It's not surprising to me that this didn't work. I imagine there's a bunch of memory setup required that I don't have here. I'm also not sure how the fetch step handles variable length instructions, and therefore if I need to write nop instruction bytes past the end of the 32-bit opcode here. Is there a version of this approach that would work?

I'm now trying to make this work with an approach borrowed from isla-testgen. Specifically I am part way through writing Rust code that uses ISLA libraries to:

Initialize: call initialise_64_bit_mode
Setup registers: set symbolic values for all general-purpose registers
Set initial rip value and configure memory
Setup opcode: constrain the rip read to have a fixed value
Execute: call x86_fetch_decode_execute

I don't have this finished but I'm feeling more comfortable with the APIs now, so I think I can see it through. But I wanted to make sure I'm not barking up the wrong tree.

Please let me know how you would approach this. Thanks!

mmcloughlin · 2023-12-20T16:29:10Z

Another attempt I've made at this was to setup a concrete memory range starting at INIT_PC and assign rip to a Val::Bits(B::from_u64(INIT_PC)). However, this fails very quickly. The first memory read by get_prefixes (called from x86_fetch_decode_execute) succeeds with a concrete byte, but the next memory read is symbolic and errors with Possible symbolic address overlap.

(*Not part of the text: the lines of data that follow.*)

lemma tendsto_extend:
  assumes "psi \<in> characters GD TD" "x \<in> carrier G"
  shows "(psi \<longlongrightarrow> extend psi x) (approach x)"
proof -
  obtain z where "(psi \<longlongrightarrow> z) (approach x)" using D_characters_convergent[OF assms] by blast
  moreover from this have "extend psi x = z"
    using assms(2) approach_ne_bot[OF assms(2)] by (simp add: extend_def tendsto_Lim)
  ultimately show ?thesis by simp
qed

lemma extend_eqI:
  assumes "psi \<in> characters GD TD" "x \<in> carrier G" "(psi \<longlongrightarrow> z) (approach x)"
  shows "extend psi x = z"
  using tendsto_unique[OF approach_ne_bot tendsto_extend] assms by blast

lemma extend_in_closed:
  assumes psi: "psi \<in> characters GD TD" and x: "x \<in> carrier G" and "closed S"
    and "eventually (\<lambda>d. psi d \<in> S) (approach x)"
  shows "extend psi x \<in> S"
  using Lim_in_closed_set[OF assms(3,4) approach_ne_bot[OF x] tendsto_extend[OF psi x]] .

lemma extend_in_sphere:
  assumes psi: "psi \<in> characters GD TD" and x: "x \<in> carrier G"
  shows "extend psi x \<in> sphere 0 1"
proof (rule extend_in_closed[OF psi x])
  show "eventually (\<lambda>d. psi d \<in> sphere 0 1) (approach x)"
    using eventually_approach_in_D
  proof eventually_elim
    case (elim d)
    then show ?case using D.hom_circle_group_in_sphere[OF D.characters_hom[OF psi]] by simp
  qed
qed simp

lemma approach_mult:
  assumes x: "x \<in> carrier G" and y: "y \<in> carrier G"
  shows "filterlim (\<lambda>p. fst p \<otimes> snd p) (approach (x \<otimes> y)) (approach x \<times>\<^sub>F approach y)"
  unfolding filterlim_def le_filter_def eventually_filtermap
proof (intro allI impI)
  fix P assume "eventually P (approach (x \<otimes> y))"
  then obtain S where S: "openin T S" "x \<otimes> y \<in> S" "\<And>d. d \<in> S \<Longrightarrow> d \<in> D \<Longrightarrow> P d"
    using x y by (auto simp: approach_def eventually_inf_principal eventually_nhdsin)
  obtain U1 U2 where U: "openin T U1" "openin T U2" "x \<in> U1" "y \<in> U2"
    "\<And>d1 d2. d1 \<in> U1 \<Longrightarrow> d2 \<in> U2 \<Longrightarrow> d1 \<otimes> d2 \<in> S"
    by (rule continuous_map_prod_nbhds[OF continuous_map_mult S(1)]) (use x y S(2) in auto)
  show "eventually (\<lambda>p. P (fst p \<otimes> snd p)) (approach x \<times>\<^sub>F approach y)"
    unfolding eventually_prod_filter
  proof (intro exI conjI allI impI)
    show "eventually (\<lambda>d. d \<in> U1 \<inter> D) (approach x)" by (rule eventually_approach_openin[OF U(1,3)])
    show "eventually (\<lambda>d. d \<in> U2 \<inter> D) (approach y)" by (rule eventually_approach_openin[OF U(2,4)])
    fix d1 d2 assume "d1 \<in> U1 \<inter> D" "d2 \<in> U2 \<inter> D"
    then show "P (fst (d1, d2) \<otimes> snd (d1, d2))"
      using U(5) S(3) subgroup.m_closed[OF subgroup] by simp
  qed
qed

lemma extend_mult:
  assumes psi: "psi \<in> characters GD TD" and x: "x \<in> carrier G" and y: "y \<in> carrier G"
  shows "extend psi (x \<otimes> y) = extend psi x * extend psi y"
proof -
  let ?F = "approach x \<times>\<^sub>F approach y"
  have "((\<lambda>p. psi (fst p \<otimes> snd p)) \<longlongrightarrow> extend psi (x \<otimes> y)) ?F"
    using filterlim_compose[OF tendsto_extend[OF psi m_closed[OF x y]] approach_mult[OF x y]] .
  moreover have "((\<lambda>p. psi (fst p \<otimes> snd p)) \<longlongrightarrow> extend psi x * extend psi y) ?F"
  proof (rule tendsto_cong[THEN iffD1])
    show "eventually (\<lambda>p. psi (fst p) * psi (snd p) = psi (fst p \<otimes> snd p)) ?F"
      unfolding eventually_prod_filter
      using eventually_approach_in_D D.hom_circle_group_mult[OF D.characters_hom[OF psi]]
      by (intro exI[of _ "\<lambda>d. d \<in> D"] conjI) auto
    show "((\<lambda>p. psi (fst p) * psi (snd p)) \<longlongrightarrow> extend psi x * extend psi y) ?F"
      by (intro tendsto_mult filterlim_compose[OF tendsto_extend[OF psi x] filterlim_fst]
          filterlim_compose[OF tendsto_extend[OF psi y] filterlim_snd])
  qed
  ultimately show ?thesis
    using approach_ne_bot x y by (intro tendsto_unique) (auto simp: prod_filter_eq_bot)
qed

lemma extend_in_characters:
  assumes psi: "psi \<in> characters GD TD"
  shows "extend psi \<in> characters G T"
proof (rule charactersI)
  show "extend psi \<in> hom G circle_group"
    using extend_in_sphere[OF psi] extend_mult[OF psi] by (auto simp: hom_circle_group_iff)
  show "extend psi \<in> extensional (carrier G)" by (simp add: extend_def)
  fix e :: real assume "e > 0"
  obtain VD where VD: "openin TD VD" "\<one> \<in> VD" "\<And>v. v \<in> VD \<Longrightarrow> dist (psi v) 1 < e/2"
    using D.characters_near_one[OF psi half_gt_zero[OF \<open>e > 0\<close>]] by auto
  then obtain V where V: "openin T V" "VD = V \<inter> D" by (auto simp: openin_subtopology)
  have "dist (extend psi v) 1 < e" if v: "v \<in> V" for v
  proof -
    have "eventually (\<lambda>d. d \<in> V \<inter> D) (approach v)" by (rule eventually_approach_openin[OF V(1) v])
    then have "eventually (\<lambda>d. psi d \<in> cball 1 (e/2)) (approach v)"
      by eventually_elim (use VD(3) V(2) in \<open>auto simp: dist_commute less_imp_le\<close>)
    then have "extend psi v \<in> cball 1 (e/2)"
      using v openin_subset[OF V(1)] by (intro extend_in_closed[OF psi]) auto
    then show ?thesis using \<open>e > 0\<close> by (simp add: dist_commute)
  qed
  then show "\<exists>V. openin T V \<and> \<one> \<in> V \<and> (\<forall>v\<in>V. dist (extend psi v) 1 < e)"
    using V VD(2) by blast
qed

lemma restrict_in_characters:
  assumes chi: "chi \<in> characters G T"
  shows "restrict chi D \<in> characters GD TD"
proof (rule D.charactersI)
  show "restrict chi D \<in> hom GD circle_group"
    using hom_circle_group_in_sphere[OF characters_hom[OF chi]]
      hom_circle_group_mult[OF characters_hom[OF chi]] subset_carrier subgroup.m_closed[OF subgroup]
    by (auto simp: D.hom_circle_group_iff)
  fix e :: real assume "e > 0"
  then obtain V where "openin T V" "\<one> \<in> V" "\<And>v. v \<in> V \<Longrightarrow> dist (chi v) 1 < e"
    using characters_near_one[OF chi] by blast
  then show "\<exists>V. openin TD V \<and> \<one>\<^bsub>GD\<^esub> \<in> V \<and> (\<forall>v\<in>V. dist (restrict chi D v) 1 < e)"
    using subgroup.one_closed[OF subgroup] by (intro exI[of _ "V \<inter> D"]) (auto simp: openin_subtopology_Int)
qed simp

lemma extend_restrict:
  assumes chi: "chi \<in> characters G T"
  shows "extend (restrict chi D) = chi"
proof
  fix x show "extend (restrict chi D) x = chi x"
  proof (cases "x \<in> carrier G")
    case True
    have "continuous_map (subtopology T (carrier G)) euclidean chi"
      using characters_continuous[OF chi]
      by (simp add: continuous_map_circle_top_iff continuous_map_from_subtopology)
    then have "(chi \<longlongrightarrow> chi x) (approach x)"
      using True subset_carrier by (intro tendsto_approach) auto
    moreover have "eventually (\<lambda>d. chi d = restrict chi D d) (approach x)"
      using eventually_approach_in_D by (rule eventually_mono) simp
    ultimately have "(restrict chi D \<longlongrightarrow> chi x) (approach x)"
      using tendsto_cong by blast
    then show ?thesis using extend_eqI[OF restrict_in_characters[OF chi] True] by simp
  next
    case False
    then show ?thesis using characters_extensional[OF chi] by (simp add: extend_def extensional_def)
  qed
qed

lemma restrict_extend:
  assumes psi: "psi \<in> characters GD TD"
  shows "restrict (extend psi) D = psi"
proof
  fix d show "restrict (extend psi) D d = psi d"
  proof (cases "d \<in> D")
    case True
    have "continuous_map TD euclidean psi"
      using D.characters_continuous[OF psi] by (simp add: continuous_map_circle_top_iff)
    then have "(psi \<longlongrightarrow> psi d) (approach d)"
      using True subset_carrier by (intro tendsto_approach) auto
    then show ?thesis using extend_eqI[OF psi] True subset_carrier by auto
  next
    case False
    then show ?thesis using D.characters_extensional[OF psi] by (simp add: extensional_def)
  qed
qed

lemma bij_betw_restrict: "bij_betw (\<lambda>chi. restrict chi D) (characters G T) (characters GD TD)"
  by (rule bij_betw_byWitness[where f' = extend])
    (auto simp: extend_restrict restrict_extend restrict_in_characters extend_in_characters)

lemma restrict_hom: "(\<lambda>chi. restrict chi D) \<in> hom (dual_group G T) (dual_group GD TD)"
  unfolding hom_def
proof (intro CollectI conjI ballI)
  show "(\<lambda>chi. restrict chi D) \<in> carrier (dual_group G T) \<rightarrow> carrier (dual_group GD TD)"
    using restrict_in_characters by (auto simp: dual_group_def)
  fix chi phi
  show "restrict (chi \<otimes>\<^bsub>dual_group G T\<^esub> phi) D =
      restrict chi D \<otimes>\<^bsub>dual_group GD TD\<^esub> restrict phi D"
    using subset_carrier by (auto simp: dual_group_def fun_eq_iff)
qed

lemma continuous_map_restrict: "continuous_map (dual_top G T) (dual_top GD TD) (\<lambda>chi. restrict chi D)"
proof (rule continuous_map_into_dual_top)
  show "(\<lambda>chi. restrict chi D) \<in> topspace (dual_top G T) \<rightarrow> characters GD TD"
    using restrict_in_characters by auto
  fix K U assume K: "compactin TD K" and U: "openin circle_top U"
  then have "K \<subseteq> D" "compactin T K" by (simp_all add: compactin_subtopology)
  then have "{chi \<in> topspace (dual_top G T). restrict chi D ` K \<subseteq> U} = {chi \<in> characters G T. chi ` K \<subseteq> U}"
    by auto
  then show "openin (dual_top G T) {chi \<in> topspace (dual_top G T). restrict chi D ` K \<subseteq> U}"
    using openin_dual_top_basic[OF \<open>compactin T K\<close> U] by simp
qed

section \<open>Compact sets of characters and the canonical map\<close>

lemma equicontinuous_if_restrict_equicontinuous:
  assumes K: "K \<subseteq> characters G T" and equi: "D.equicontinuous ((\<lambda>chi. restrict chi D) ` K)"
  shows "equicontinuous K"
  unfolding equicontinuous_def
proof (intro allI impI)
  fix e :: real assume "e > 0"
  then obtain VD where VD: "openin TD VD" "\<one> \<in> VD"
      "\<forall>v\<in>VD. \<forall>psi\<in>(\<lambda>chi. restrict chi D) ` K. dist (psi v) 1 \<le> e"
    using equi unfolding D.equicontinuous_def by auto
  then obtain V where V: "openin T V" "VD = V \<inter> D" by (auto simp: openin_subtopology)
  have "V \<subseteq> {x \<in> topspace T. chi x \<in> cball 1 e}" if chi: "chi \<in> K" for chi
  proof (rule dense_openin_Int_subset_closedin[OF dense V(1)])
    have "continuous_map T euclidean chi"
      using characters_continuous chi K by (auto simp: continuous_map_circle_top_iff)
    then show "closedin T {x \<in> topspace T. chi x \<in> cball 1 e}"
      by (rule closedin_continuous_map_preimage) simp
    show "V \<inter> D \<subseteq> {x \<in> topspace T. chi x \<in> cball 1 e}"
      using VD(3) V(2) chi subset_carrier by (force simp: dist_commute)
  qed
  then have "\<forall>v\<in>V. \<forall>chi\<in>K. dist (chi v) 1 \<le> e" by (force simp: dist_commute)
  then show "\<exists>V. openin T V \<and> \<one> \<in> V \<and> (\<forall>v\<in>V. \<forall>chi\<in>K. dist (chi v) 1 \<le> e)"
    using V VD(2) by blast
qed

lemma compactin_covered_by_D_translates:
  assumes C: "compactin T C" and V: "openin T V" "\<one> \<in> V"
  obtains F where "finite F" "F \<subseteq> D" "\<And>c. c \<in> C \<Longrightarrow> \<exists>d\<in>F. inv d \<otimes> c \<in> V"
proof -
  obtain W where W: "openin T W" "\<one> \<in> W" "\<And>a b. a \<in> W \<Longrightarrow> b \<in> W \<Longrightarrow> inv a \<otimes> b \<in> V"
    by (rule nbhd_of_one_split[OF V]) blast
  define nbhd where "nbhd x = {y \<in> carrier G. inv x \<otimes> y \<in> W}" for x
  have C_carrier: "C \<subseteq> carrier G" using compactin_subset_topspace[OF C] by simp
  have "\<exists>\<F>. finite \<F> \<and> \<F> \<subseteq> nbhd ` C \<and> C \<subseteq> \<Union>\<F>"
  proof (rule compactinD[OF C])
    show "openin T U" if "U \<in> nbhd ` C" for U
      using that C_carrier openin_left_mult_preimage[OF inv_closed W(1)] by (auto simp: nbhd_def)
    have "x \<in> nbhd x" if "x \<in> C" for x using that C_carrier W(2) by (auto simp: nbhd_def)
    then show "C \<subseteq> \<Union> (nbhd ` C)" by blast
  qed
  then obtain C0 where C0: "finite C0" "C0 \<subseteq> C" "C \<subseteq> \<Union> (nbhd ` C0)"
    by (metis finite_subset_image)
  have "\<exists>d\<in>D. inv x \<otimes> d \<in> W" if "x \<in> C0" for x
  proof -
    have "openin T (nbhd x)" "x \<in> nbhd x"
      using that C0(2) C_carrier openin_left_mult_preimage[OF inv_closed W(1)] W(2)
      by (auto simp: nbhd_def)
    then have "D \<inter> nbhd x \<noteq> {}" using dense unfolding dense_intersects_open by blast
    then show ?thesis by (auto simp: nbhd_def)
  qed
  then obtain pick where pick: "\<And>x. x \<in> C0 \<Longrightarrow> pick x \<in> D \<and> inv x \<otimes> pick x \<in> W"
    by metis
  show thesis
  proof (rule that[of "pick ` C0"])
    show "finite (pick ` C0)" "pick ` C0 \<subseteq> D" using C0(1) pick by auto
    fix c assume "c \<in> C"
    then obtain x where x: "x \<in> C0" "c \<in> carrier G" "inv x \<otimes> c \<in> W"
      using C0(3) by (auto simp: nbhd_def)
    have "inv (inv x \<otimes> pick x) \<otimes> (inv x \<otimes> c) \<in> V" using W(3) pick[OF x(1)] x(3) by blast
    moreover have "x \<in> carrier G" "pick x \<in> carrier G"
      using x(1) C0(2) C_carrier pick[OF x(1)] subset_carrier by auto
    ultimately have "inv (pick x) \<otimes> c \<in> V"
      using inv_mult_left_translates[of "inv x" "pick x" c] x(2) by simp
    then show "\<exists>d\<in>pick ` C0. inv d \<otimes> c \<in> V" using x(1) by blast
  qed
qed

[log]: Memory range: [0x401000, 0x411000) concrete
[log]: Read: Enum(EnumMember { enum_id: EnumId { id: Name { id: 62 } }, member: 0 }) Bits(B64 { len: 64, bits: 4198400 }) I128(1) false
[log]: Read concrete: [144]
[log]: Read: Enum(EnumMember { enum_id: EnumId { id: Name { id: 62 } }, member: 0 }) Symbolic(Sym { id: 88 }) I128(1) false
[log]: Overlapping satisfiable address: Some(Bits64(B64 { len: 64, bits: 4259840 }))
[log]: Symbol 88 taints: ["Name { id: 517 }"]
[0  ]: Error BadRead("Possible symbolic address overlap")
[0  ]:   zmemi @ 16
[0  ]:   zrm_low_32 @ 14
[0  ]:   zrm_low_64 @ 5
[0  ]:   zia32e_la_to_pa_pml4_table @ 61
[0  ]:   zia32e_la_to_pa @ 128
[0  ]:   zrb @ 58
[0  ]:   zload_bytes_from_ea @ 58
[0  ]:   zrme08 @ 5
[0  ]:   zget_prefixes @ 26
[0  ]:   zx86_fetch_decode_execute @ 25
error: Bad read Possible symbolic address overlap
Model: k!35 -> #x0000000000000000
k!30 -> false
k!18 -> false
k!17 -> false

Any pointers appreciated. Thanks.

mmcloughlin · 2023-12-24T22:06:28Z

I have something that produces a trace, though I'm still not sure it's the optimal approach. I'm using a limited version of the method in isla-testgen, specifically setting up memory backed by a SMT byte array, constraining rip to a fixed address, and then constraining the read at that address to equal the desired opcode.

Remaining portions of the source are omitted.